Isolation can help us build community

Letter to the Editor

Dear Editor:

Now barely into the fourth week of a pandemic wave to hit our American shores, the medical and economic consequences of the COVID-19 virus have taken many by surprise, some still in disbelief, and most of our health care systems ill prepared for this “existential threat,” as Event- News Enterprise senior editor David Young in his Op Ed of March 25 calls Covid 19. It moves across our national landscape overwhelming health care systems short on diagnostic tools, protective equipment, and professional staffing. Even the federal response was in denial and ultimately way late to this public health crisis. So why are we as Americans, the economic engine of the world, still playing catch up to this pandemic most of our health care elites new was coming. It has been said that all government budgets, from federal to municipal, are a reflection of the ethical values of those governed. It has also been said of us the business of America is business. Now our single-minded pursuit of business has been suspended. Were we so myopically focused on commerce, so disconnected from each other today, so divided by our own tribal interests and lack of shared values as to become blind to this “existential threat” Editor Young speaks of, and dares to pause for a moment to ask the “deeper collective question  “what do we as Americans really value?” it seems like a fair question to ask, and none too soon.
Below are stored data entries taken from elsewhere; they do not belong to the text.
lemma eval_poly_sz_basis_in_SZ:
  assumes small_eq: "\<forall>a\<in>K. \<forall>b\<in>K. a \<noteq> b \<longrightarrow> small {t. h a t = h b t}"
    and c: "c \<in> polys K" "c \<noteq> (\<lambda>_. 0)"
  shows "eval_poly (sz_basis h) c \<in> SZ"
  unfolding SZ_def
proof (intro CollectI allI impI notI)
  fix Z :: "real set"
  assume Z: "Z \<approx> (UNIV :: real set)"
    and "eval_poly (sz_basis h) c \<in> measurable (restrict_space borel Z) borel"
  then obtain s where s: "\<forall>t\<in>Z. eval_poly (sz_basis h) c t = borel_fun s t"
    using measurable_restrict_eq_borel_fun by blast
  define V where "V = poly_vars c"
  define S where "S = {m. c m \<noteq> 0}"
  define bad where "bad = (\<Union>a\<in>V. \<Union>b\<in>V - {a}. {t. h a t = h b t})
    \<union> underS wo_real s \<union> (\<Union>m\<in>S. underS wo_real (c m))"
  have "finite V" and "V \<subseteq> K" and "finite S"
    using finite_poly_vars[OF c(1)] poly_vars_subset[OF c(1)] c(1)
    by (auto simp: V_def S_def polys_def)
  moreover have "small {t. h a t = h b t}" if "a \<in> V" "b \<in> V - {a}" for a b
    by (rule small_eq[rule_format]) (use that \<open>V \<subseteq> K\<close> in auto)
  ultimately have "small bad"
    unfolding bad_def by (intro small_Un small_UN_finite small_underS) auto
  from eqpoll_UNIV_not_subset_small[OF this Z] obtain t where t: "t \<in> Z" "t \<notin> bad"
    by blast
  have "(s, t) \<in> wo_real"
    using t(2) wo_real_not_underS unfolding bad_def by blast
  hence fun_value: "borel_fun s t \<in> subring_hull (stage_set t)"
    by (auto simp: stage_set_def under_def intro!: subring_hull_inc)
  have "(c m, t) \<in> wo_real" if "m \<in> S" for m
    using t(2) that wo_real_not_underS unfolding bad_def by blast
  hence coeffs: "\<forall>m. c m \<noteq> 0 \<longrightarrow> c m \<in> subring_hull (stage_set t)"
    by (auto simp: stage_set_def under_def S_def intro!: subring_hull_inc)
  have "inj_on (\<lambda>a. h a t) (poly_vars c)"
    using t(2) unfolding bad_def V_def inj_on_def by blast
  moreover have "\<forall>a\<in>poly_vars c. sz_basis h a t = indep_seq (stage_set t) (h a t)"
    by (simp add: sz_basis_def)
  ultimately have "eval_poly (sz_basis h) c t \<noteq> borel_fun s t"
    by (rule independent_along_eval_poly_neq[OF independent_along_indep_seq[OF small_stage_set]
          c coeffs _ _ fun_value])
  thus False using s t(1) by blast
qed

lemma zero_notin_SZ: "(\<lambda>_. 0) \<notin> SZ"
  by (auto simp: SZ_def intro!: exI[of _ UNIV])

lemma inj_on_if_eval_poly_nonzero:
  fixes x :: "'k \<Rightarrow> real \<Rightarrow> real" and K :: "'k set"
  assumes "\<forall>c\<in>polys K. c \<noteq> (\<lambda>_. 0) \<longrightarrow> eval_poly x c \<noteq> (\<lambda>_. 0)"
  shows "inj_on x K"
proof (rule inj_onI, rule ccontr)
  fix a b assume a: "a \<in> K" and b: "b \<in> K" and "x a = x b" and ab: "a \<noteq> b"
  define var :: "'k \<Rightarrow> 'k \<Rightarrow> nat" where "var z = (\<lambda>w. if w = z then 1 else 0)" for z
  define c where "c m = (if m = var a then 1 else if m = var b then -1 else (0::real))" for m
  have var_neq: "var a \<noteq> var b" using ab by (auto simp: var_def fun_eq_iff)
  have supp_c: "{m. c m \<noteq> 0} = {var a, var b}" using var_neq by (auto simp: c_def)
  have supp_var: "{w. var z w \<noteq> 0} = {z}" for z by (auto simp: var_def)
  have "c \<in> polys K"
    using a b by (auto simp: polys_def monomials_def supp_c supp_var fun_eq_iff var_def)
  moreover have "c \<noteq> (\<lambda>_. 0)" by (auto simp: c_def fun_eq_iff)
  moreover have "eval_poly x c t = x a t - x b t" for t
  proof -
    have "eval_mono x (var z) t = x z t" for z
      by (simp add: eval_mono_def supp_var) (simp add: var_def)
    moreover have "c (var a) = 1" "c (var b) = -1" using var_neq by (simp_all add: c_def)
    ultimately show ?thesis using var_neq by (simp add: eval_poly_def supp_c)
  qed
  ultimately show False using assms \<open>x a = x b\<close> by auto
qed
The obvious answer for most of us who live and work in the place we loosely call community, is family. They will always come first. But done right, community can be an extension of family. Unfortunately for many these days community means little more than a place you drive through when you come home from work. In today’s vacuous virtually connected world online it is easy to forget that a local community of real people is a powerful web of shared collective interests and personal collaborations. A place you support with the sweat equity of your own civic involvement, social interactions and local commerce, so that the community can support you and yours in return when your chips are down. There are many such organizations in this community making that connection and will certainly come forward as they have always done when this storm has passed.  For now, we shelter in place, hoping to ride out the storm untouched by the unseen enemy seemingly all around us. But this storm will subside. We will come out of our houses. we will travel the streets of our communities freely again. We may not be standing shoulder to shoulder in our church pews by Easter, but normalcy, or something like it, will return. What will that new normal look like? I for one hope this cataclysmic event will have the effect of slowing us all down a bit, giving us an opportunity to look around this town we call home and begin to redefine our place in it. As David Young puts it in his Op Ed, to “re-engage . . .with the goal of creating policies that reflect what we truly value, what matters most to our common interests.”
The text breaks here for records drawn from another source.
(* Let $p$ be an odd prime and $N=\mathbb Z_{p^2}$. Let $\Phi$ be the unique subgroup of order $p-1$ of the unit group $\mathbb Z_{p^2}^\times$, acting on $(\mathbb Z_{p^2},+)$ by multiplication. Let $M=\{p\}$, so that the orbit $p\Phi = p\mathbb Z_{p^2}\setminus\{0\}$ is the zero multiplier orbit, and let the remaining orbit representatives $R\setminus M$ be the elements of a coset $c+p\mathbb Z_{p^2}$ with $c$ a unit. With multiplication $a*b=0$ if $b\in p\mathbb Z_{p^2}$ and $a*b=a\phi_b$ otherwise (where $b=r_b\phi_b$, $r_b\in R\setminus M$, $\phi_b\in\Phi$), $(N,+,* )$ is a planar nearring and $D(N)=p\mathbb Z_{p^2}$; in particular all distributive elements are zero multipliers.
   Context: A (right) nearring $(N,+,* )$ is a set with a group $(N,+)$, a semigroup $(N,* )$, and right distributivity $(a+b)*c=a*c+b*c$. $N$ is planar if the relation $a\cong b$ ($x*a=x*b$ for all $x$) has at least $3$ classes and for all $a,b,c$ with $a\not\cong b$ the equation $x*a=x*b+c$ has a unique solution. Zero multipliers are the $n$ with $x*n=0$ for all $x$. $D(N)=\{n: n*(a+b)=n*a+n*b\ \forall a,b\}$. *)

theory Defs
  imports "HOL-Algebra.Group" "HOL-Number_Theory.Cong"
begin

definition nearring :: "'a set \<Rightarrow> ('a \<Rightarrow> 'a \<Rightarrow> 'a) \<Rightarrow> ('a \<Rightarrow> 'a \<Rightarrow> 'a) \<Rightarrow> bool" where
  "nearring N add mul \<longleftrightarrow>
     (\<exists>e. group \<lparr>carrier = N, monoid.mult = add, monoid.one = e\<rparr>) \<and>
     (\<forall>a\<in>N. \<forall>b\<in>N. mul a b \<in> N) \<and>
     (\<forall>a\<in>N. \<forall>b\<in>N. \<forall>c\<in>N. mul (mul a b) c = mul a (mul b c)) \<and>
     (\<forall>a\<in>N. \<forall>b\<in>N. \<forall>c\<in>N. mul (add a b) c = add (mul a c) (mul b c))"

definition nr_equiv :: "'a set \<Rightarrow> ('a \<Rightarrow> 'a \<Rightarrow> 'a) \<Rightarrow> 'a \<Rightarrow> 'a \<Rightarrow> bool" where
  "nr_equiv N mul a b \<longleftrightarrow> (\<forall>x\<in>N. mul x a = mul x b)"

definition planar_nearring :: "'a set \<Rightarrow> ('a \<Rightarrow> 'a \<Rightarrow> 'a) \<Rightarrow> ('a \<Rightarrow> 'a \<Rightarrow> 'a) \<Rightarrow> bool" where
  "planar_nearring N add mul \<longleftrightarrow>
     nearring N add mul \<and>
     (\<exists>a\<in>N. \<exists>b\<in>N. \<exists>c\<in>N. \<not> nr_equiv N mul a b \<and> \<not> nr_equiv N mul a c \<and> \<not> nr_equiv N mul b c) \<and>
     (\<forall>a\<in>N. \<forall>b\<in>N. \<forall>c\<in>N. \<not> nr_equiv N mul a b \<longrightarrow> (\<exists>!x. x \<in> N \<and> mul x a = add (mul x b) c))"

definition distributive_elems :: "'a set \<Rightarrow> ('a \<Rightarrow> 'a \<Rightarrow> 'a) \<Rightarrow> ('a \<Rightarrow> 'a \<Rightarrow> 'a) \<Rightarrow> 'a set" where
  "distributive_elems N add mul = {n \<in> N. \<forall>a\<in>N. \<forall>b\<in>N. mul n (add a b) = add (mul n a) (mul n b)}"

definition zero_multipliers :: "'a set \<Rightarrow> ('a \<Rightarrow> 'a \<Rightarrow> 'a) \<Rightarrow> 'a \<Rightarrow> 'a set" where
  "zero_multipliers N mul z = {n \<in> N. \<forall>x\<in>N. mul x n = z}"

text \<open>The concrete construction on Z_{p^2}, represented by {0..<p^2} with arithmetic mod p^2.\<close>

definition zmod_add :: "nat \<Rightarrow> nat \<Rightarrow> nat \<Rightarrow> nat" where
  "zmod_add p a b = (a + b) mod p^2"

definition phi_of :: "nat \<Rightarrow> nat set \<Rightarrow> nat \<Rightarrow> nat \<Rightarrow> nat" where
  "phi_of p \<Phi> c b = (THE \<phi>. \<phi> \<in> \<Phi> \<and>
      (\<exists>r. r < p^2 \<and> [r = c] (mod p) \<and> b = (r * \<phi>) mod p^2))"

definition planar_mul :: "nat \<Rightarrow> nat set \<Rightarrow> nat \<Rightarrow> nat \<Rightarrow> nat \<Rightarrow> nat" where
  "planar_mul p \<Phi> c a b = (if p dvd b then 0 else (a * phi_of p \<Phi> c b) mod p^2)"

end

theory Submission
  imports Defs "HOL-Algebra.Multiplicative_Group"
begin

text \<open>
  If x \<equiv> 1 (mod p) then x^p \<equiv> 1 (mod p^2); since every element of \<Phi> satisfies
  x^(p-1) \<equiv> 1 (mod p^2), the only element of \<Phi> congruent to 1 mod p is 1. Hence reduction
  mod p maps \<Phi> bijectively onto the units of Z/p, and \<phi>_b is the unique element of \<Phi> with
  c \<phi>_b \<equiv> b (mod p). Everything then follows from b \<mapsto> \<phi>_b depending only on b mod p:
  \<phi>_(b \<phi>_d) = \<phi>_b \<phi>_d gives associativity, a \<cong> b iff a \<equiv> b (mod p), and
  x (\<phi>_a - \<phi>_b) = d has a unique solution because \<phi>_a - \<phi>_b is a unit.
  Since \<phi>_(a+b) \<equiv> \<phi>_a + \<phi>_b (mod p), multiples of p are distributive. If n is not a multiple
  of p and distributive, then k \<mapsto> n * k is additive, so 0 = n * p = p (n * 1), although
  n * 1 = n \<phi>_1 is a unit.
\<close>

lemma cong_one_pow_modulus_square:
  fixes a p :: int
  assumes "[a = 1] (mod p)"
  shows "[a ^ nat p = 1] (mod p^2)"
proof -
  have "p dvd a - 1"
    using assms by (simp add: cong_iff_dvd_diff)
  moreover have "[(\<Sum>i<nat p. a^i) = (\<Sum>i<nat p. 1)] (mod p)"
    by (rule cong_sum) (use assms cong_pow in fastforce)
  then have "p dvd (\<Sum>i<nat p. a^i)"
    by (cases "p \<ge> 0") (auto simp: cong_0_iff cong_dvd_iff)
  ultimately have "p^2 dvd (a - 1) * (\<Sum>i<nat p. a^i)"
    by (simp add: power2_eq_square mult_dvd_mono)
  then show ?thesis
    by (simp add: power_diff_1_eq[symmetric] cong_iff_dvd_diff)
qed

lemma ex1_solution_linear_cong:
  fixes m u v d :: nat
  assumes "0 < m" and "coprime (int u - int v) (int m)"
  shows "\<exists>!x. x < m \<and> [x * u = x * v + d] (mod m)"
proof -
  define w where "w = int u - int v"
  have iff: "[x * u = x * v + d] (mod m) \<longleftrightarrow> [int x * w = int d] (mod int m)" for x
  proof -
    have "[x * u = x * v + d] (mod m) \<longleftrightarrow> [int (x * u) = int (x * v + d)] (mod int m)"
      by (rule cong_int_iff[symmetric])
    also have "\<dots> \<longleftrightarrow> [int x * w = int d] (mod int m)"
      by (simp add: cong_iff_dvd_diff w_def algebra_simps)
    finally show ?thesis .
  qed
  obtain w' where w': "[w * w' = 1] (mod int m)"
    using cong_solve_coprime_int assms(2) unfolding w_def by blast
  define x0 where "x0 = nat ((int d * w') mod int m)"
  have x0: "int x0 = (int d * w') mod int m"
    using assms(1) by (simp add: x0_def)
  then have "x0 < m"
    using assms(1) by (metis of_nat_less_iff pos_mod_bound of_nat_0_less_iff)
  have "[int x0 * w = int d * (w * w')] (mod int m)"
    unfolding x0 by (simp add: cong_def mod_mult_right_eq ac_simps)
  also have "[int d * (w * w') = int d * 1] (mod int m)"
    using w' by (rule cong_scalar_left)
  finally have x0_sol: "[int x0 * w = int d] (mod int m)"
    by simp
  show ?thesis
  proof (rule ex1I[of _ x0])
    show "x0 < m \<and> [x0 * u = x0 * v + d] (mod m)"
      using \<open>x0 < m\<close> x0_sol iff by blast
  next
    fix y assume y: "y < m \<and> [y * u = y * v + d] (mod m)"
    then have "[int y * w = int x0 * w] (mod int m)"
      using iff x0_sol by (metis cong_sym cong_trans)
    then have "[int y = int x0] (mod int m)"
      using cong_mult_rcancel assms(2) unfolding w_def by blast
    then show "y = x0"
      using y \<open>x0 < m\<close> by (simp add: cong_int_iff cong_less_modulus_unique_nat)
  qed
qed

lemma cong_mult_multiple_mod_square:
  fixes p n x y :: nat
  assumes "p dvd n" and "[x = y] (mod p)"
  shows "[n * x = n * y] (mod p^2)"
proof -
  obtain k where n: "n = p * k"
    using assms(1) by blast
  have "[p * x = p * y] (mod p * p)"
    using assms(2) by (simp add: cong_def mod_mult_mult1)
  then have "[k * (p * x) = k * (p * y)] (mod p * p)"
    by (rule cong_scalar_left)
  then show ?thesis
    by (simp add: n power2_eq_square ac_simps)
qed

lemma group_zmod_add:
  assumes "0 < p"
  shows "group \<lparr>carrier = {0..<p^2}, monoid.mult = zmod_add p, one = 0\<rparr>" (is "group ?Z")
proof (rule groupI)
  fix x assume "x \<in> carrier ?Z"
  then have "(p^2 - x) mod p^2 \<in> carrier ?Z \<and> (p^2 - x) mod p^2 \<otimes>\<^bsub>?Z\<^esub> x = \<one>\<^bsub>?Z\<^esub>"
    using assms by (auto simp: zmod_add_def mod_add_left_eq)
  then show "\<exists>y\<in>carrier ?Z. y \<otimes>\<^bsub>?Z\<^esub> x = \<one>\<^bsub>?Z\<^esub>"
    by blast
qed (use assms in \<open>auto simp: zmod_add_def mod_add_left_eq mod_add_right_eq add.assoc\<close>)

locale unit_subgroup_mod_prime_square =
  fixes p :: nat and \<Phi> :: "nat set"
  assumes prime: "prime p"
    and Phi_subset: "\<Phi> \<subseteq> {0..<p^2}"
    and Phi_coprime: "\<And>x. x \<in> \<Phi> \<Longrightarrow> coprime x p"
    and one_in_Phi: "1 \<in> \<Phi>"
    and Phi_mult_closed: "\<And>x y. x \<in> \<Phi> \<Longrightarrow> y \<in> \<Phi> \<Longrightarrow> (x * y) mod p^2 \<in> \<Phi>"
    and Phi_inverse: "\<And>x. x \<in> \<Phi> \<Longrightarrow> \<exists>y\<in>\<Phi>. (x * y) mod p^2 = 1"
    and card_Phi: "card \<Phi> = p - 1"
begin

lemma one_less_p: "1 < p"
  using prime by (rule prime_gt_1_nat)

lemma prime_less_square: "p < p^2"
proof -
  have "p * 1 < p * p"
    using one_less_p by (intro mult_strict_left_mono) auto
  then show ?thesis
    by (simp add: power2_eq_square)
qed

lemma one_less_square: "1 < p^2"
  using prime_less_square one_less_p by linarith

lemma p_pos [simp]: "0 < p"
  using one_less_p by linarith

lemma Phi_less: "x \<in> \<Phi> \<Longrightarrow> x < p^2"
  using Phi_subset by auto

lemma Phi_not_dvd: "x \<in> \<Phi> \<Longrightarrow> \<not> p dvd x"
  using Phi_coprime coprime_absorb_right prime not_prime_unit by blast

lemma dvd_mod_square_iff [simp]: "p dvd x mod p^2 \<longleftrightarrow> p dvd x"
  by (simp add: dvd_mod_iff)

lemma cong_mod_square: "[x mod p^2 = x] (mod p)"
  unfolding cong_def by (rule mod_mod_cancel) simp

lemma cong_mod_square_imp_cong: "[x = y] (mod p^2) \<Longrightarrow> [x = y] (mod p)"
  by (erule cong_dvd_modulus_nat) (simp add: power2_eq_square)

lemma cong_one_mod_square_iff: "[x = 1] (mod p^2) \<longleftrightarrow> x mod p^2 = 1"
  unfolding cong_def mod_less[OF one_less_square] ..

definition Phi_group :: "nat monoid" where
  "Phi_group = \<lparr>carrier = \<Phi>, monoid.mult = (\<lambda>x y. (x * y) mod p^2), one = 1\<rparr>"

lemma group_Phi_group: "group Phi_group"
proof (rule groupI)
  fix x assume "x \<in> carrier Phi_group"
  then obtain y where "y \<in> \<Phi>" "(x * y) mod p^2 = 1"
    using Phi_inverse by (auto simp: Phi_group_def)
  then show "\<exists>y\<in>carrier Phi_group. y \<otimes>\<^bsub>Phi_group\<^esub> x = \<one>\<^bsub>Phi_group\<^esub>"
    by (auto simp: Phi_group_def mult.commute)
qed (use one_in_Phi in
    \<open>auto simp: Phi_group_def Phi_mult_closed Phi_less mod_mult_left_eq mod_mult_right_eq mult.assoc\<close>)

lemma Phi_group_pow: "x \<in> \<Phi> \<Longrightarrow> x [^]\<^bsub>Phi_group\<^esub> (k::nat) = x^k mod p^2"
  by (induction k) (use one_less_square in \<open>auto simp: Phi_group_def Phi_less mod_mult_right_eq mult.commute\<close>)

lemma Phi_pow_card: "x \<in> \<Phi> \<Longrightarrow> [x ^ (p - 1) = 1] (mod p^2)"
  using group.pow_order_eq_1[OF group_Phi_group, of x] Phi_group_pow[of x "p - 1"] card_Phi
    one_less_square one_less_p
  by (simp add: Phi_group_def order_def cong_def)

lemma Phi_eq_one_if_cong_one:
  assumes x: "x \<in> \<Phi>" and "[x = 1] (mod p)"
  shows "x = 1"
proof -
  have "[int x ^ nat (int p) = 1] (mod (int p)^2)"
    using assms(2) by (intro cong_one_pow_modulus_square) (simp add: cong_int_iff[of x 1 p, simplified])
  then have "[int (x ^ p) = int 1] (mod int (p^2))"
    by simp
  then have "[x ^ p = 1] (mod p^2)"
    by (simp only: cong_int_iff)
  moreover have "x ^ p = x * x ^ (p - 1)"
    using one_less_p by (simp flip: power_Suc)
  moreover have "[x * x ^ (p - 1) = x * 1] (mod p^2)"
    using Phi_pow_card[OF x] by (rule cong_scalar_left)
  ultimately have "[x = 1] (mod p^2)"
    by (metis cong_sym cong_trans mult_1_right)
  then show ?thesis
    using Phi_less[OF x] one_less_square cong_less_modulus_unique_nat by blast
qed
The current painful imposition of social distancing should result in evidence enough that we are all hardwired to connect with others, indeed need that connection with others to, in effect, complete the connection within ourselves. The simple and profound human impulse to share leading us pragmatically toward collaboration. As Young’s Op Ed concludes “Life is lecturing us with a hard, yet hopefully, common lesson.” In this place we call community our practical collective interests, more often than not, far outvalue the things that divide us. This time of isolation could serve as a moment of contemplation in which we might ask ourselves what is my idea of place? Have I taken the time to build a connection to this community, or have I just been passing through? Few of us have the kind of job descriptions that can reach out and change the world. But within this place we call community, we all have the capacity to reconnect with others on a personal and daily basis, and once we emerge from our collective isolation, to make that community a better place, a stronger, more resilient place, a place to prepare together to withstand the next storm, before it is upon us.

 

A few years ago, I had the occasion to interview an inveterate local community giver and unabashed optimist Shirley Bailey on one of the many occasions in her life of being honored for her community service. I asked her why she was so compelled to give her time and service so freely to so many causes and organizations? Without hesitation she responded, “Because if you are not giving back to your community that gave to you, you are just part of the furniture.” How’s that as an aspirational goal for the coming “new normal.”